(Stored items)
+++

text \<open>At level 2 the lifted vector y linearizes all products of at most two constraints. Multiplying
  a packing constraint by x_f shows y {e, f} = 0 whenever e and f lie in a common packing
  constraint. For the cycle e1, e3, e2, e4, multiply the colour constraint of e3, e4 by
  (1 - x_e1)(1 - x_e2): the right-hand side linearizes to 1 - x_e1 - x_e2 + y {e1, e2}, and
  every term on the left is nonnegative (it is the product of a box constraint x_j \<ge> 0 with
  the same factors); the terms for e3 and e4 are at least x_e3 and x_e4, because their
  corrections y {e1, e3}, y {e2, e3}, y {e1, e4}, y {e2, e4} and y {e1, e2} vanish.\<close>

text \<open>The linearization of the product of the x_i, i in \<Gamma>, and the 1 - x_i, i in \<Delta>.\<close>
definition SA_lin :: "('i set \<Rightarrow> real) \<Rightarrow> 'i set \<Rightarrow> 'i set \<Rightarrow> real" where
  "SA_lin y \<Gamma> \<Delta> = (\<Sum>H\<in>Pow \<Delta>. (-1) ^ card H * y (\<Gamma> \<union> H))"

lemma SA_lin_empty [simp]: "SA_lin y \<Gamma> {} = y \<Gamma>"
  by (simp add: SA_lin_def)

lemma SA_lin_doubleton:
  assumes "a \<noteq> b"
  shows "SA_lin y \<Gamma> {a, b} = y \<Gamma> - y (insert a \<Gamma>) - y (insert b \<Gamma>) + y (insert a (insert b \<Gamma>))"
proof -
  have "Pow {a, b} = {{}, {a}, {b}, {a, b}}"
    by (auto simp: Pow_insert)
  then show ?thesis
    using assms by (simp add: SA_lin_def doubleton_eq_iff insert_commute)
qed

definition share_packing_row :: "(('i \<Rightarrow> real) \<times> real) set \<Rightarrow> 'i \<Rightarrow> 'i \<Rightarrow> bool" where
  "share_packing_row P e f \<longleftrightarrow> (\<exists>Q. ((\<lambda>j. if Q j then 1 else 0), 1) \<in> P \<and> Q e \<and> Q f)"
lemma Phi_eq_image_sparse_ones:
  "Phi n t x = (\<lambda>S. phi n (grain_set S) x) ` {S\<in>sparse_ones (deriv_seq x). card S \<le> t}"
proof
  show "Phi n t x \<subseteq> (\<lambda>S. phi n (grain_set S) x) ` {S\<in>sparse_ones (deriv_seq x). card S \<le> t}"
  proof
    fix y assume "y \<in> Phi n t x"
    then obtain E where y: "y = phi n E x" and E: "grain_pattern n E" "card E \<le> t"
      unfolding Phi_def by blast
    let ?S = "{p. Suc (Suc p) \<in> E \<and> x ! p \<noteq> x ! Suc p}"
    have E2: "E \<subseteq> {2..n}" "\<forall>j\<in>E. Suc j \<notin> E" using E(1) unfolding grain_pattern_def by auto
    have "?S \<in> sparse_ones (deriv_seq x)" unfolding sparse_ones_deriv_seq_iff using E2 by fastforce
    moreover have "grain_set ?S \<subseteq> E" unfolding grain_set_def by auto
    hence "card (grain_set ?S) \<le> card E" using E2(1) by (meson card_mono finite_atLeastAtMost finite_subset)
    hence "card ?S \<le> t" using E(2) card_grain_set[of ?S] by simp
    ultimately show "y \<in> (\<lambda>S. phi n (grain_set S) x) ` {S\<in>sparse_ones (deriv_seq x). card S \<le> t}"
      using y phi_eq_phi_grain_set[OF E(1)] by blast
  qed
next
  show "(\<lambda>S. phi n (grain_set S) x) ` {S\<in>sparse_ones (deriv_seq x). card S \<le> t} \<subseteq> Phi n t x"
  proof
    fix y assume "y \<in> (\<lambda>S. phi n (grain_set S) x) ` {S\<in>sparse_ones (deriv_seq x). card S \<le> t}"
    then obtain S where y: "y = phi n (grain_set S) x" and S: "S \<in> sparse_ones (deriv_seq x)" "card S \<le> t"
      by blast
    have "grain_pattern n (grain_set S)"
      using S(1) unfolding sparse_ones_deriv_seq_iff grain_pattern_def grain_set_def by fastforce
    moreover have "card (grain_set S) \<le> t" using S(2) card_grain_set[of S] by simp
    ultimately show "y \<in> Phi n t x" unfolding Phi_def using y by blast
  qed
qed
lemma eigenvalue_mn_circ_eigenvalue:
  assumes n: "n > 2" and k: "k \<in> {1..<n}"
  shows "eigenvalue (mn n a b c) (circ_eigenvalue n a c k)"
proof -
  define \<theta> where "\<theta> = real k * (2 * pi / real n)"
  define v where "v = vec (n+1) (\<lambda>i. if i = 0 then 0 else cos (real i * \<theta>))"
  have v: "v \<in> carrier_vec (n+1)" "v $ 0 = 0" "\<And>i. i \<in> {1..n} \<Longrightarrow> v $ i = cos (real i * \<theta>)"
    unfolding v_def by auto
  have periodic: "cos (real (j + n) * \<theta>) = cos (real j * \<theta>)" for j
  proof -
    have "real (j + n) * \<theta> = real j * \<theta> + real (2 * k) * pi"
      using n unfolding \<theta>_def by (simp add: field_simps)
    then show ?thesis by (simp add: cos_add)
  qed
  have v_prev: "v $ cyc_prev n i = cos (real i * \<theta> - \<theta>)" if "i \<in> {1..n}" for i
  proof (cases "i = 1")
    case True then show ?thesis using periodic[of 0] n v(3)[of n] by (simp add: cyc_prev_def)
  next
    case False
    then have "i - 1 \<in> {1..n}" "real (i - 1) = real i - 1" using that by auto
    then show ?thesis using False v(3)[of "i - 1"] by (simp add: cyc_prev_def algebra_simps)
  qed
  have v_next: "v $ cyc_next n i = cos (real i * \<theta> + \<theta>)" if "i \<in> {1..n}" for i
    using that periodic[of 1] n v(3)[of 1] v(3)[of "i + 1"]
    by (cases "i = n") (auto simp: cyc_next_def algebra_simps)
  show ?thesis unfolding circ_eigenvalue_def \<theta>_def[symmetric]
  proof (rule eigenvalue_mn_by_rows[OF v(1)])
    show "v \<noteq> 0\<^sub>v (n+1)"
      using v(3)[of n] periodic[of 0] n by (auto dest: arg_cong[of _ _ "\<lambda>v. v $ n"])
    have "(\<Sum>j\<in>{1..n}. v $ j) = 0"
      using sum_cos_root_angle[OF k] v(3) by (simp add: \<theta>_def)
    then show "(mn n a b c *\<^sub>v v) $ 0 = (c + 2 * a * cos \<theta>) * v $ 0"
      using mn_mult_vec_nth_0[OF v(1)] v(2) by simp
    fix i assume i: "i \<in> {1..n}"
    have "(mn n a b c *\<^sub>v v) $ i
        = c * cos (real i * \<theta>) + a * (cos (real i * \<theta> - \<theta>) + cos (real i * \<theta> + \<theta>))"
      using mn_mult_vec_nth[OF n v(1) i, of a b c] v_prev[OF i] v_next[OF i] v(2) v(3)[OF i]
      by (simp add: distrib_left)
    also have "\<dots> = (c + 2 * a * cos \<theta>) * v $ i"
      using v(3)[OF i] by (simp add: cos_add cos_diff algebra_simps)
    finally show "(mn n a b c *\<^sub>v v) $ i = (c + 2 * a * cos \<theta>) * v $ i" .
  qed
qed
lemma SM_cases [consumes 1, case_names infinity smcls]:
  assumes "x \<in> SM F I mu"
  obtains "x = None" | S where "S \<in> FinM F I mu" "x = smcls F I mu S"
  using assms by (auto simp: SM_def smcls_def elim!: quotientE)

section \<open>Morphisms and points\<close>

lemma SMorD:
  assumes "pt \<in> SMor F I mu"
  shows "pt \<in> extensional (SM F I mu)"
    and "x \<in> SM F I mu \<Longrightarrow> pt x \<in> ereal ` F \<union> {\<infinity>}"
    and "x \<in> SM F I mu \<Longrightarrow> y \<in> SM F I mu \<Longrightarrow> pt (sm_oplus F I mu x y) = min (pt x) (pt y)"
    and "x \<in> SM F I mu \<Longrightarrow> y \<in> SM F I mu \<Longrightarrow> pt (sm_star F I mu x y) = pt x + pt y"
    and "pt None = \<infinity>"
    and "c \<in> F \<Longrightarrow> c \<ge> 0 \<Longrightarrow> x \<in> SM F I mu \<Longrightarrow> pt (sm_scale F I mu c x) = tscale c (pt x)"
    and "x \<in> SM F I mu \<Longrightarrow> x \<noteq> None \<Longrightarrow> pt x \<noteq> \<infinity>"
  using assms unfolding SMor_def by auto

lemma smcls_not_None: "smcls F I mu S \<noteq> None"
  by (simp add: smcls_def)

lemma sm_oplus_None [simp]: "sm_oplus F I mu None y = y" "sm_oplus F I mu x None = x"
  by (simp_all add: sm_oplus_def split: option.split)

lemma sm_star_None [simp]: "sm_star F I mu None y = None" "sm_star F I mu x None = None"
  by (simp_all add: sm_star_def split: option.split)

lemma SMor_smcls_singleton:
  assumes pt: "pt \<in> SMor F I mu" and m: "m \<in> Mel F I mu"
  shows "pt (smcls F I mu {m}) = ereal (restrM F I mu pt m)" "restrM F I mu pt m \<in> F"
proof -
  have x: "smcls F I mu {m} \<in> SM F I mu"
    by (rule smcls_SM[OF singleton_FinM[OF m]])
  have "pt (smcls F I mu {m}) \<in> ereal ` F"
    using SMorD(2)[OF pt x] SMorD(7)[OF pt x smcls_not_None] by auto
  then show "pt (smcls F I mu {m}) = ereal (restrM F I mu pt m)" "restrM F I mu pt m \<in> F"
    using m by (auto simp: restrM_def)
qed

text \<open>A morphism is determined by its values on \<open>\<M>\<close>, since every class is an \<open>\<oplus>\<close> of singletons.\<close>
lemma SMor_smcls:
  assumes pt: "pt \<in> SMor F I mu" and S: "S \<in> FinM F I mu"
  shows "pt (smcls F I mu S) = ereal (Min (restrM F I mu pt ` S))"
  using FinMD[OF S]
proof (induction S rule: finite_ne_induct)
  case (singleton m)
  then show ?case
    using SMor_smcls_singleton(1)[OF pt] by simp
next
  case (insert m S)
  have S: "S \<in> FinM F I mu" and m: "{m} \<in> FinM F I mu"
    using insert by (simp_all add: FinM_def)
  have "pt (smcls F I mu (insert m S)) = pt (sm_oplus F I mu (smcls F I mu {m}) (smcls F I mu S))"
    using sm_oplus_smcls[OF m S] by simp
  also have "\<dots> = min (pt (smcls F I mu {m})) (pt (smcls F I mu S))"
    using SMorD(3)[OF pt smcls_SM[OF m] smcls_SM[OF S]] .
  finally show ?case
    using insert SMor_smcls_singleton(1)[OF pt, of m] by simp
qed

lemma restrM_in_Sp:
  assumes pt: "pt \<in> SMor F I mu"
  shows "restrM F I mu pt \<in> Sp F I mu"
  unfolding Sp_def mem_Collect_eq
proof (intro conjI ballI allI impI)
  show "restrM F I mu pt \<in> extensional (Mel F I mu)"
    by (simp add: restrM_def)
next
  fix m :: "'i \<Rightarrow> real^'n"
  assume "m \<in> Mel F I mu"
  then show "restrM F I mu pt m \<in> F"
    by (rule SMor_smcls_singleton(2)[OF pt])
next
  fix m m' :: "'i \<Rightarrow> real^'n"
  assume m: "m \<in> Mel F I mu" and m': "m' \<in> Mel F I mu"
  have "padd_set {m} {m'} = (\<lambda>a. padd I mu a m m') ` I"
    by (auto simp: padd_set_def)
  moreover have "pt (sm_star F I mu (smcls F I mu {m}) (smcls F I mu {m'}))
      = pt (smcls F I mu {m}) + pt (smcls F I mu {m'})"
    using SMorD(4)[OF pt smcls_SM[OF singleton_FinM[OF m]] smcls_SM[OF singleton_FinM[OF m']]] .
  ultimately show "restrM F I mu pt m + restrM F I mu pt m' = Min ((\<lambda>a. restrM F I mu pt (padd I mu a m m')) ` I)"
    using sm_star_smcls[OF singleton_FinM[OF m] singleton_FinM[OF m']]
      SMor_smcls[OF pt padd_set_FinM[OF singleton_FinM[OF m] singleton_FinM[OF m']]]
      SMor_smcls_singleton(1)[OF pt m] SMor_smcls_singleton(1)[OF pt m']
    by (simp add: image_image)
next
  fix c :: real and m :: "'i \<Rightarrow> real^'n"
  assume c: "c \<in> F" "0 \<le> c" and m: "m \<in> Mel F I mu"
  have "pt (sm_scale F I mu c (smcls F I mu {m})) = tscale c (pt (smcls F I mu {m}))"
    using SMorD(6)[OF pt c smcls_SM[OF singleton_FinM[OF m]]] .
  then have "ereal (restrM F I mu pt (psmul c m)) = tscale c (ereal (restrM F I mu pt m))"
    using sm_scale_smcls[OF singleton_FinM[OF m] c] SMor_smcls_singleton(1)[OF pt m]
      SMor_smcls_singleton(1)[OF pt psmul_Mel[OF m c]] by simp
  then show "restrM F I mu pt (psmul c m) = c * restrM F I mu pt m"
    by (cases "c = 0") (simp_all add: tscale_def zero_ereal_def)
qed

lemma inj_on_restrM: "inj_on (restrM F I mu) (SMor F I mu)"
proof (rule inj_onI)
  fix pt pt'
  assume pt: "pt \<in> SMor F I mu" and pt': "pt' \<in> SMor F I mu"
    and eq: "restrM F I mu pt = restrM F I mu pt'"
  show "pt = pt'"
  proof
    fix x
    show "pt x = pt' x"
    proof (cases "x \<in> SM F I mu")
      case True
      then show ?thesis
      proof (cases rule: SM_cases)
        case infinity
        then show ?thesis
          using SMorD(5)[OF pt] SMorD(5)[OF pt'] by simp
      next
        case (smcls S)
        then show ?thesis
          using SMor_smcls[OF pt] SMor_smcls[OF pt'] eq by simp
      qed
    next
      case False
      then show ?thesis
        using SMorD(1)[OF pt] SMorD(1)[OF pt'] by (simp add: extensional_def)
    qed
  qed
qed

text \<open>\<open>SOME\<close> picks a representative of the class; the choice is harmless since \<^const>\<open>min_profile\<close> is a class invariant.\<close>
definition SMor_of_point :: "(('i \<Rightarrow> real^'n) \<Rightarrow> real) \<Rightarrow> ('i \<Rightarrow> real^'n) set set option \<Rightarrow> ereal" where
  "SMor_of_point p = restrict (\<lambda>x. case x of None \<Rightarrow> \<infinity> | Some X \<Rightarrow> ereal (Min (p ` (SOME S. S \<in> X)))) (SM F I mu)"

lemma SMor_of_point_None: "SMor_of_point p None = \<infinity>"
  by (simp add: SMor_of_point_def SM_def)

lemma SMor_of_point_smcls:
  assumes p: "p \<in> Sp F I mu" and S: "S \<in> FinM F I mu"
  shows "SMor_of_point p (smcls F I mu S) = ereal (Min (p ` S))"
proof -
  define S' where "S' = (SOME S'. S' \<in> SMrel F I mu `` {S})"
  have "S' \<in> SMrel F I mu `` {S}"
    unfolding S'_def using smcls_refl[OF S] by (rule someI)
  then have "min_profile S' p = min_profile S p"
    by (simp add: SMrel_iff)
  then have "Min (p ` S') = Min (p ` S)"
    by (simp add: min_profile_point[OF p])
  then show ?thesis
    using smcls_SM[OF S] by (simp add: SMor_of_point_def smcls_def S'_def)
qed

lemma SMor_of_point_oplus:
  assumes p: "p \<in> Sp F I mu" and x: "x \<in> SM F I mu" and y: "y \<in> SM F I mu"
  shows "SMor_of_point p (sm_oplus F I mu x y) = min (SMor_of_point p x) (SMor_of_point p y)"
  using x
proof (cases rule: SM_cases)
  case infinity
  then show ?thesis
    by (simp add: SMor_of_point_None)
next
  case (smcls S)
  note S = smcls
  from y show ?thesis
  proof (cases rule: SM_cases)
    case infinity
    then show ?thesis
      by (simp add: SMor_of_point_None)
  next
    case (smcls T)
    have "Min (p ` (S \<union> T)) = min (Min (p ` S)) (Min (p ` T))"
      using FinMD[OF S(1)] FinMD[OF smcls(1)] by (simp add: image_Un Min_Un)
    then show ?thesis
      using S smcls by (simp add: sm_oplus_smcls Un_FinM SMor_of_point_smcls[OF p])
  qed
qed
theorem proposition6p2:
  fixes M :: "'a measure" and emb :: "'b::banach \<Rightarrow> 'a \<Rightarrow> real"
    and L :: "real \<Rightarrow> 'b \<Rightarrow> 'b" and h :: "real \<Rightarrow> 'b" and V :: "real set"
    and D :: 'b and \<theta> C :: real
  assumes "prob_space M"
    and "embedded_L1 M emb"
    and "open V" and "0 \<in> V"
    and "\<And>\<epsilon>. \<epsilon> \<in> V \<Longrightarrow> markov_op M emb (L \<epsilon>)"
    and "\<And>\<epsilon>. \<epsilon> \<in> V \<Longrightarrow> {\<phi>. L \<epsilon> \<phi> = \<phi>} = span {h \<epsilon>}"
    and "\<And>\<epsilon>. \<epsilon> \<in> V \<Longrightarrow> Bint M emb (h \<epsilon>) = 1"
    and "((\<lambda>\<epsilon>. L \<epsilon> (h 0)) has_vector_derivative D) (at 0)"
    and "\<And>\<phi>. continuous (at 0) (\<lambda>\<epsilon>. L \<epsilon> \<phi>)"
    and "0 < \<theta>" and "\<theta> < 1" and "0 < C"
    and "\<And>\<epsilon> \<phi> n. \<epsilon> \<in> V \<Longrightarrow> \<phi> \<in> B0 M emb \<Longrightarrow> n \<ge> 1 \<Longrightarrow>
           norm ((L \<epsilon> ^^ n) \<phi>) \<le> C * \<theta> ^ n * norm \<phi>"
  shows "(h has_vector_derivative
            (the_inv_into (B0 M emb) (\<lambda>\<phi>. \<phi> - L 0 \<phi>) D)) (at 0)"
proof -
  interpret Bint: bounded_linear "Bint M emb" using bounded_linear_Bint[OF assms(2)] .
  have B0: "subspace (B0 M emb)" using subspace_B0[OF assms(2)] .
  note markov = assms(5)
  then have bl: "\<And>\<epsilon>. \<epsilon> \<in> V \<Longrightarrow> bounded_linear (L \<epsilon>)" by (simp add: markov_op_def)
  have fixed: "L \<epsilon> (h \<epsilon>) = h \<epsilon>" if "\<epsilon> \<in> V" for \<epsilon>
    using assms(6)[OF that] span_base[of "h \<epsilon>" "{h \<epsilon>}"] by auto
  have h_B0: "h \<epsilon> - h 0 \<in> B0 M emb" if "\<epsilon> \<in> V" for \<epsilon>
    using assms(7)[OF that] assms(7)[OF assms(4)] by (simp add: B0_def Bint.diff)
  have L_B0: "L \<epsilon> \<phi> \<in> B0 M emb" if "\<epsilon> \<in> V" "\<phi> \<in> B0 M emb" for \<epsilon> \<phi>
    using markov_op_B0_closed[OF markov[OF that(1)] that(2)] .
  obtain K where "0 \<le> K" and "\<forall>\<epsilon> \<in> V. \<forall>\<phi> \<in> B0 M emb. norm \<phi> \<le> K * norm (\<phi> - L \<epsilon> \<phi>)"
    using uniformly_coercive_if_power_decay[where I=V and T=L, OF B0 bl L_B0 assms(13) assms(10-12)] by blast
  then have coercive: "\<And>\<epsilon> \<phi>. \<epsilon> \<in> V \<Longrightarrow> \<phi> \<in> B0 M emb \<Longrightarrow> norm \<phi> \<le> K * norm (\<phi> - L \<epsilon> \<phi>)"
    by blast
  have "Bint M emb (L \<epsilon> (h 0)) = 1" if "\<epsilon> \<in> V" for \<epsilon>
    using markov[OF that] assms(7)[OF assms(4)] by (simp add: markov_op_def)
  then have "D \<in> B0 M emb"
    using derivative_in_kernel_if_const[OF Bint.bounded_linear_axioms assms(8,3,4)] by (simp add: B0_def)
  define u where "u = (\<Sum>n. (L 0 ^^ n) D)"
  have "summable (\<lambda>n. (L 0 ^^ n) D)"
    by (rule summable_funpow_if_geometric_decay[OF assms(13)[OF assms(4) \<open>D \<in> B0 M emb\<close>] assms(10,11)])
  then have u: "u - L 0 u = D" "u \<in> B0 M emb"
    unfolding u_def using neumann_series_solves[OF bl[OF assms(4)]]
      suminf_funpow_B0[OF assms(2) markov[OF assms(4)] \<open>D \<in> B0 M emb\<close>] by auto
  have "inj_on (\<lambda>\<phi>. \<phi> - L 0 \<phi>) (B0 M emb)"
    using inj_on_diff_if_coercive[OF bounded_linear.linear[OF bl[OF assms(4)]] B0] coercive[OF assms(4)] .
  then have "the_inv_into (B0 M emb) (\<lambda>\<phi>. \<phi> - L 0 \<phi>) D = u"
    using u by (intro the_inv_into_f_eq) auto
  moreover have "(h has_vector_derivative u) (at 0)"
    using fixed_point_has_vector_derivative[OF assms(3,4) B0 bl fixed h_B0 coercive \<open>0 \<le> K\<close>
        assms(8,9) u(2,1)] .
  ultimately show ?thesis by simp
qed

end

+++

**WHAT IS REQUIRED**
The expected answer is each line of the records above that includes the string "define".

**RESULT OF THE EXERCISE**
  define \<theta> where "\<theta> = real k * (2 * pi / real n)"
  define v where "v = vec (n+1) (\<lambda>i. if i = 0 then 0 else cos (real i * \<theta>))"
  define S' where "S' = (SOME S'. S' \<in> SMrel F I mu `` {S})"
  define u where "u = (\<Sum>n. (L 0 ^^ n) D)"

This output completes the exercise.